**EXERCISE AIM**
After locating the line that contains "(\<forall>G\<in>P. is_graph G) \<and>" in the records below, write out exactly that line and each line after it through the one that contains "edges H. (verts", and nothing else.

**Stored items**

+-------+

(* Let $\mathcal{P}$ satisfy properties (a)–(f) and let $(P(n,t))_{t=0}^{N}$ be the $\mathcal{P}$-constrained random graph process. Let $t_1=t_1(n),t_2=t_2(n)\in[N]$ and $\alpha=\alpha(n)>0$ be such that $\alpha\,(t_2-t_1)\to\infty$ and $t_2=o(\alpha n^2)$. (1) If whp $R(t_2)-R(t_1)\le \alpha(t_2-t_1)$, then whp $\mathrm{forb}(P(n,t_1))\le (1+o(1))\,\alpha N$. (2) If whp $R(t_2)-R(t_1)\ge \alpha(t_2-t_1)$, then whp $\mathrm{forb}(P(n,t_2))\ge (1+o(1))\,\alpha N$.
   Context: All graphs are vertex-labelled, simple and undirected. Let $\mathcal{P}$ be a class of graphs such that: (a) $\mathcal{P}$ is not the class of all graphs; (b) it contains all edgeless graphs; (c) it is closed under isomorphism; (d) it is closed under taking minors; (e) it is weakly addable, i.e. if $G\in\mathcal{P}$ and $u,v$ lie in different components of $G$ then $G+uv\in\mathcal{P}$; (f) if $G\in\mathcal{P}$ and $u,v$ are non-adjacent vertices in the same component of $G$ which is a tree, then $G+uv\in\mathcal{P}$. Let $N=\binom{n}{2}$. The $\mathcal{P}$-constrained random graph process: take a uniformly random ordering $e_1,\ldots,e_N$ of the edges of $K_n$; $P(n,0)$ is the empty graph on $[n]$; for $t\in[N]$, set $P(n,t)=P(n,t-1)+e_t$ if $P(n,t-1)+e_t\in\mathcal{P}$ ($e_t$ accepted), and $P(n,t)=P(n,t-1)$ otherwise ($e_t$ rejected). $R(t):=t-e(P(n,t))$ is the number of rejected edges up to step $t$. For $H\in\mathcal{P}$ on vertex set $[n]$, an edge $e\in E(K_n)\setminus E(H)$ is forbidden in $H$ if $H+e\notin\mathcal{P}$; $\mathrm{forb}(H)$ is the number of such edges. "whp" means with probability tending to $1$ as $n\to\infty$. *)

theory Defs
  imports "HOL-Probability.Probability" "HOL-Combinatorics.Multiset_Permutations"
begin

type_synonym graph = "nat set \<times> nat set set"

definition verts :: "graph \<Rightarrow> nat set" where "verts G = fst G"
definition edges :: "graph \<Rightarrow> nat set set" where "edges G = snd G"

definition is_graph :: "graph \<Rightarrow> bool" where
  "is_graph G \<longleftrightarrow> finite (verts G) \<and>
     (\<forall>e\<in>edges G. \<exists>u v. e = {u, v} \<and> u \<noteq> v \<and> u \<in> verts G \<and> v \<in> verts G)"

definition add_edge :: "graph \<Rightarrow> nat \<Rightarrow> nat \<Rightarrow> graph" where
  "add_edge G u v = (verts G, insert {u, v} (edges G))"

definition adj :: "graph \<Rightarrow> nat \<Rightarrow> nat \<Rightarrow> bool" where
  "adj G u v \<longleftrightarrow> {u, v} \<in> edges G"

definition reach :: "graph \<Rightarrow> nat \<Rightarrow> nat \<Rightarrow> bool" where
  "reach G u v \<longleftrightarrow> u \<in> verts G \<and> v \<in> verts G \<and> (adj G)\<^sup>*\<^sup>* u v"

definition component :: "graph \<Rightarrow> nat \<Rightarrow> nat set" where
  "component G u = {w. reach G u w}"

definition induced :: "graph \<Rightarrow> nat set \<Rightarrow> graph" where
  "induced G S = (verts G \<inter> S, {e \<in> edges G. e \<subseteq> S})"

definition connected_graph :: "graph \<Rightarrow> bool" where
  "connected_graph G \<longleftrightarrow> verts G \<noteq> {} \<and> (\<forall>u\<in>verts G. \<forall>v\<in>verts G. reach G u v)"

definition is_cycle :: "graph \<Rightarrow> nat list \<Rightarrow> bool" where
  "is_cycle G cs \<longleftrightarrow> length cs \<ge> 3 \<and> distinct cs \<and> set cs \<subseteq> verts G \<and>
     (\<forall>i. Suc i < length cs \<longrightarrow> adj G (cs ! i) (cs ! Suc i)) \<and> adj G (last cs) (hd cs)"

definition is_tree :: "graph \<Rightarrow> bool" where
  "is_tree G \<longleftrightarrow> connected_graph G \<and> (\<nexists>cs. is_cycle G cs)"

definition minor :: "graph \<Rightarrow> graph \<Rightarrow> bool" where
  "minor H G \<longleftrightarrow> (\<exists>\<phi> :: nat \<Rightarrow> nat set.
     (\<forall>x\<in>verts H. \<phi> x \<subseteq> verts G \<and> connected_graph (induced G (\<phi> x))) \<and>
     (\<forall>x\<in>verts H. \<forall>y\<in>verts H. x \<noteq> y \<longrightarrow> \<phi> x \<inter> \<phi> y = {}) \<and>
     (\<forall>x y. {x, y} \<in> edges H \<longrightarrow> (\<exists>u\<in>\<phi> x. \<exists>v\<in>\<phi> y. {u, v} \<in> edges G)))"

definition isomorphic :: "graph \<Rightarrow> graph \<Rightarrow> bool" where
  "isomorphic G H \<longleftrightarrow> (\<exists>f. bij_betw f (verts G) (verts H) \<and> edges H = (\<lambda>e. f ` e) ` edges G)"

definition admissible_class :: "graph set \<Rightarrow> bool" where
  "admissible_class P \<longleftrightarrow>
     (\<forall>G\<in>P. is_graph G) \<and>
     (\<exists>G. is_graph G \<and> G \<notin> P) \<and>                                         \<comment> \<open>(a)\<close>
     (\<forall>V. finite V \<longrightarrow> (V, {}) \<in> P) \<and>                                     \<comment> \<open>(b)\<close>
     (\<forall>G H. G \<in> P \<and> is_graph H \<and> isomorphic G H \<longrightarrow> H \<in> P) \<and>               \<comment> \<open>(c)\<close>
     (\<forall>G H. G \<in> P \<and> is_graph H \<and> minor H G \<longrightarrow> H \<in> P) \<and>                    \<comment> \<open>(d)\<close>
     (\<forall>G u v. G \<in> P \<and> u \<in> verts G \<and> v \<in> verts G \<and> \<not> reach G u v
         \<longrightarrow> add_edge G u v \<in> P) \<and>                                          \<comment> \<open>(e)\<close>
     (\<forall>G u v. G \<in> P \<and> u \<in> verts G \<and> v \<in> verts G \<and> u \<noteq> v \<and> \<not> adj G u v \<and>
         reach G u v \<and> is_tree (induced G (component G u))
         \<longrightarrow> add_edge G u v \<in> P)                                            \<comment> \<open>(f)\<close>"

definition Kn_edges :: "nat \<Rightarrow> nat set set" where
  "Kn_edges n = {{u, v} | u v. u \<in> {1..n} \<and> v \<in> {1..n} \<and> u \<noteq> v}"

definition ordering_pmf :: "nat \<Rightarrow> nat set list pmf" where
  "ordering_pmf n = pmf_of_set (permutations_of_set (Kn_edges n))"

definition proc_step :: "graph set \<Rightarrow> nat set \<Rightarrow> graph \<Rightarrow> graph" where
  "proc_step P e G = (if (verts G, insert e (edges G)) \<in> P then (verts G, insert e (edges G)) else G)"

definition proc :: "graph set \<Rightarrow> nat \<Rightarrow> nat set list \<Rightarrow> nat \<Rightarrow> graph" where
  "proc P n xs t = fold (proc_step P) (take t xs) ({1..n}, {})"

definition rej :: "graph set \<Rightarrow> nat \<Rightarrow> nat set list \<Rightarrow> nat \<Rightarrow> nat" where
  "rej P n xs t = t - card (edges (proc P n xs t))"

definition forb :: "graph set \<Rightarrow> nat \<Rightarrow> graph \<Rightarrow> nat" where
  "forb P n H = card {e \<in> Kn_edges n - edges H. (verts H, insert e (edges H)) \<notin> P}"

definition whp :: "(nat \<Rightarrow> nat set list \<Rightarrow> bool) \<Rightarrow> bool" where
  "whp Q \<longleftrightarrow> (\<lambda>n. measure_pmf.prob (ordering_pmf n) {xs. Q n xs}) \<longlonglongrightarrow> 1"

end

+-------+

**WORKED SOLUTION**
     (\<forall>G\<in>P. is_graph G) \<and>
     (\<exists>G. is_graph G \<and> G \<notin> P) \<and>                                         \<comment> \<open>(a)\<close>
     (\<forall>V. finite V \<longrightarrow> (V, {}) \<in> P) \<and>                                     \<comment> \<open>(b)\<close>
     (\<forall>G H. G \<in> P \<and> is_graph H \<and> isomorphic G H \<longrightarrow> H \<in> P) \<and>               \<comment> \<open>(c)\<close>
     (\<forall>G H. G \<in> P \<and> is_graph H \<and> minor H G \<longrightarrow> H \<in> P) \<and>                    \<comment> \<open>(d)\<close>
     (\<forall>G u v. G \<in> P \<and> u \<in> verts G \<and> v \<in> verts G \<and> \<not> reach G u v
         \<longrightarrow> add_edge G u v \<in> P) \<and>                                          \<comment> \<open>(e)\<close>
     (\<forall>G u v. G \<in> P \<and> u \<in> verts G \<and> v \<in> verts G \<and> u \<noteq> v \<and> \<not> adj G u v \<and>
         reach G u v \<and> is_tree (induced G (component G u))
         \<longrightarrow> add_edge G u v \<in> P)                                            \<comment> \<open>(f)\<close>"

definition Kn_edges :: "nat \<Rightarrow> nat set set" where
  "Kn_edges n = {{u, v} | u v. u \<in> {1..n} \<and> v \<in> {1..n} \<and> u \<noteq> v}"

definition ordering_pmf :: "nat \<Rightarrow> nat set list pmf" where
  "ordering_pmf n = pmf_of_set (permutations_of_set (Kn_edges n))"

definition proc_step :: "graph set \<Rightarrow> nat set \<Rightarrow> graph \<Rightarrow> graph" where
  "proc_step P e G = (if (verts G, insert e (edges G)) \<in> P then (verts G, insert e (edges G)) else G)"

definition proc :: "graph set \<Rightarrow> nat \<Rightarrow> nat set list \<Rightarrow> nat \<Rightarrow> graph" where
  "proc P n xs t = fold (proc_step P) (take t xs) ({1..n}, {})"

definition rej :: "graph set \<Rightarrow> nat \<Rightarrow> nat set list \<Rightarrow> nat \<Rightarrow> nat" where
  "rej P n xs t = t - card (edges (proc P n xs t))"

definition forb :: "graph set \<Rightarrow> nat \<Rightarrow> graph \<Rightarrow> nat" where
  "forb P n H = card {e \<in> Kn_edges n - edges H. (verts H, insert e (edges H)) \<notin> P}"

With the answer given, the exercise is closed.